**EXERCISE:**
Look through the data and write out every line with the word "between" in it.

**DATA SUPPLIED:**
+--
(* Let $(G,R,\omega)$ be a metric RPP instance and $S$ an edge-minimizing Eulerian extension for it. Then every vertex $v\in V$ is incident to at most two edges of $S$ (counted with multiplicity).
   Context: An RPP instance is a triple $(G,R,\omega)$, where $G=(V,E)$ is an undirected multigraph, $\omega\colon E\to\mathbb{N}$ assigns weights (parallel edges have equal weight), and $R$ is a nonempty multiset of edges of $G$. The instance is metric if $G$ contains an edge between any two vertices and the weights satisfy the triangle inequality $\omega(\{u,w\})\le\omega(\{u,v\})+\omega(\{v,w\})$ for all $u,v,w\in V$. For a multiset $X$ of edges: - $\omega(X)$ and $|X|$ are the weight and cardinality counted with multiplicity; - $V(X)$ is the set of vertices incident to edges of $X$; - $G\langle X\rangle=(V(X),X)$ is the multigraph formed by $X$ (no isolated vertices); - $\uplus$ denotes multiset sum. A vertex is balanced in a multigraph if its degree is even (a loop counts 2), and imbalanced otherwise. A multigraph without isolated vertices is Eulerian if it is connected and all vertices are balanced. An Eulerian extension for $(G,R,\omega)$ is a multiset $S$ of edges of $G$ such that $G\langle R\uplus S\rangle$ is Eulerian. It is edge-minimizing if there is no Eulerian extension $S'$ with $|S'|<|S|$ and $\omega(S')\le\omega(S)$. *)

theory Defs
  imports Main "HOL-Library.Multiset"
begin

text \<open>An undirected multigraph G = (V,E): edges are elements of an abstract type,
  each edge e has a nonempty set of one or two endpoints ends e (one endpoint = loop).\<close>

definition multigraph :: "'v set \<Rightarrow> 'e set \<Rightarrow> ('e \<Rightarrow> 'v set) \<Rightarrow> bool" where
  "multigraph V E ends \<longleftrightarrow> finite V \<and> finite E \<and>
     (\<forall>e\<in>E. ends e \<subseteq> V \<and> ends e \<noteq> {} \<and> card (ends e) \<le> 2)"

definition mweight :: "('e \<Rightarrow> nat) \<Rightarrow> 'e multiset \<Rightarrow> nat" where
  "mweight w X = sum_mset (image_mset w X)"

definition mverts :: "('e \<Rightarrow> 'v set) \<Rightarrow> 'e multiset \<Rightarrow> 'v set" where
  "mverts ends X = (\<Union>e\<in>set_mset X. ends e)"

definition mdeg :: "('e \<Rightarrow> 'v set) \<Rightarrow> 'e multiset \<Rightarrow> 'v \<Rightarrow> nat" where
  "mdeg ends X v = sum_mset (image_mset (\<lambda>e. if ends e = {v} then 2 else if v \<in> ends e then 1 else 0) X)"

definition madj :: "('e \<Rightarrow> 'v set) \<Rightarrow> 'e multiset \<Rightarrow> ('v \<times> 'v) set" where
  "madj ends X = {(u, w). \<exists>e\<in>set_mset X. u \<in> ends e \<and> w \<in> ends e}"

definition mconnected :: "('e \<Rightarrow> 'v set) \<Rightarrow> 'e multiset \<Rightarrow> bool" where
  "mconnected ends X \<longleftrightarrow> mverts ends X \<noteq> {} \<and>
     (\<forall>u\<in>mverts ends X. \<forall>w\<in>mverts ends X. (u, w) \<in> (madj ends X)\<^sup>*)"

definition eulerian :: "('e \<Rightarrow> 'v set) \<Rightarrow> 'e multiset \<Rightarrow> bool" where
  "eulerian ends X \<longleftrightarrow> mconnected ends X \<and> (\<forall>v\<in>mverts ends X. even (mdeg ends X v))"

definition rpp_instance :: "'v set \<Rightarrow> 'e set \<Rightarrow> ('e \<Rightarrow> 'v set) \<Rightarrow> 'e multiset \<Rightarrow> ('e \<Rightarrow> nat) \<Rightarrow> bool" where
  "rpp_instance V E ends R w \<longleftrightarrow> multigraph V E ends \<and> R \<noteq> {#} \<and> set_mset R \<subseteq> E \<and>
     (\<forall>e\<in>E. \<forall>e'\<in>E. ends e = ends e' \<longrightarrow> w e = w e')"

text \<open>Metric: an edge between any two distinct vertices, and the triangle inequality
  omega({u,w}) \<le> omega({u,v}) + omega({v,w}) for all u,v,w (whenever those edges exist;
  since parallel edges have equal weight, omega on vertex pairs is well defined).\<close>
definition metric_instance :: "'v set \<Rightarrow> 'e set \<Rightarrow> ('e \<Rightarrow> 'v set) \<Rightarrow> 'e multiset \<Rightarrow> ('e \<Rightarrow> nat) \<Rightarrow> bool" where
  "metric_instance V E ends R w \<longleftrightarrow> rpp_instance V E ends R w \<and>
     (\<forall>u\<in>V. \<forall>v\<in>V. u \<noteq> v \<longrightarrow> (\<exists>e\<in>E. ends e = {u, v})) \<and>
     (\<forall>u\<in>V. \<forall>v\<in>V. \<forall>x\<in>V. \<forall>e1\<in>E. \<forall>e2\<in>E. \<forall>e3\<in>E.
        ends e1 = {u, x} \<longrightarrow> ends e2 = {u, v} \<longrightarrow> ends e3 = {v, x} \<longrightarrow> w e1 \<le> w e2 + w e3)"

definition eulerian_extension :: "'e set \<Rightarrow> ('e \<Rightarrow> 'v set) \<Rightarrow> 'e multiset \<Rightarrow> 'e multiset \<Rightarrow> bool" where
  "eulerian_extension E ends R S \<longleftrightarrow> set_mset S \<subseteq> E \<and> eulerian ends (R + S)"

definition edge_minimizing :: "'e set \<Rightarrow> ('e \<Rightarrow> 'v set) \<Rightarrow> 'e multiset \<Rightarrow> ('e \<Rightarrow> nat) \<Rightarrow> 'e multiset \<Rightarrow> bool" where
  "edge_minimizing E ends R w S \<longleftrightarrow> eulerian_extension E ends R S \<and>
     \<not> (\<exists>S'. eulerian_extension E ends R S' \<and> size S' < size S \<and> mweight w S' \<le> mweight w S)"

end

theory Submission
  imports Defs
begin

text \<open>If \<open>v\<close> met three edges \<open>{v, x\<^sub>i}\<close> of \<open>S\<close>, delete them from \<open>R + S\<close>. If some
  \<open>x\<^sub>i\<close> is still connected to \<open>v\<close> (as it is when \<open>x\<^sub>i = v\<close>, a loop), replacing \<open>{v, x\<^sub>i}\<close> and
  another \<open>{v, x\<^sub>j}\<close> by the edge \<open>{x\<^sub>i, x\<^sub>j}\<close> (or by nothing if \<open>x\<^sub>i = x\<^sub>j\<close>) keeps the
  multigraph Eulerian and, by the triangle inequality, gives a smaller extension of no larger
  weight. Otherwise the component of each \<open>x\<^sub>i\<close> in the remaining graph avoids \<open>v\<close>; its degree
  sum is even both there and in \<open>R + S\<close>, so it contains an even number of the \<open>x\<^sub>i\<close>. But
  three points cannot be split into classes of even size.\<close>

lemma mdeg_add_mset: "mdeg ends (add_mset e X) u = mdeg ends {#e#} u + mdeg ends X u"
  unfolding mdeg_def by simp

lemma mdeg_empty: "mdeg ends {#} u = 0"
  unfolding mdeg_def by simp

lemma mdeg_union: "mdeg ends (A + B) u = mdeg ends A u + mdeg ends B u"
  unfolding mdeg_def by simp

lemma mdeg_single_pair:
  "ends e = {a, b} \<Longrightarrow> mdeg ends {#e#} u = of_bool (u = a) + of_bool (u = b)"
  unfolding mdeg_def by auto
+--
**RESPONSE:**
   Context: An RPP instance is a triple $(G,R,\omega)$, where $G=(V,E)$ is an undirected multigraph, $\omega\colon E\to\mathbb{N}$ assigns weights (parallel edges have equal weight), and $R$ is a nonempty multiset of edges of $G$. The instance is metric if $G$ contains an edge between any two vertices and the weights satisfy the triangle inequality $\omega(\{u,w\})\le\omega(\{u,v\})+\omega(\{v,w\})$ for all $u,v,w\in V$. For a multiset $X$ of edges: - $\omega(X)$ and $|X|$ are the weight and cardinality counted with multiplicity; - $V(X)$ is the set of vertices incident to edges of $X$; - $G\langle X\rangle=(V(X),X)$ is the multigraph formed by $X$ (no isolated vertices); - $\uplus$ denotes multiset sum. A vertex is balanced in a multigraph if its degree is even (a loop counts 2), and imbalanced otherwise. A multigraph without isolated vertices is Eulerian if it is connected and all vertices are balanced. An Eulerian extension for $(G,R,\omega)$ is a multiset $S$ of edges of $G$ such that $G\langle R\uplus S\rangle$ is Eulerian. It is edge-minimizing if there is no Eulerian extension $S'$ with $|S'|<|S|$ and $\omega(S')\le\omega(S)$. *)
text \<open>Metric: an edge between any two distinct vertices, and the triangle inequality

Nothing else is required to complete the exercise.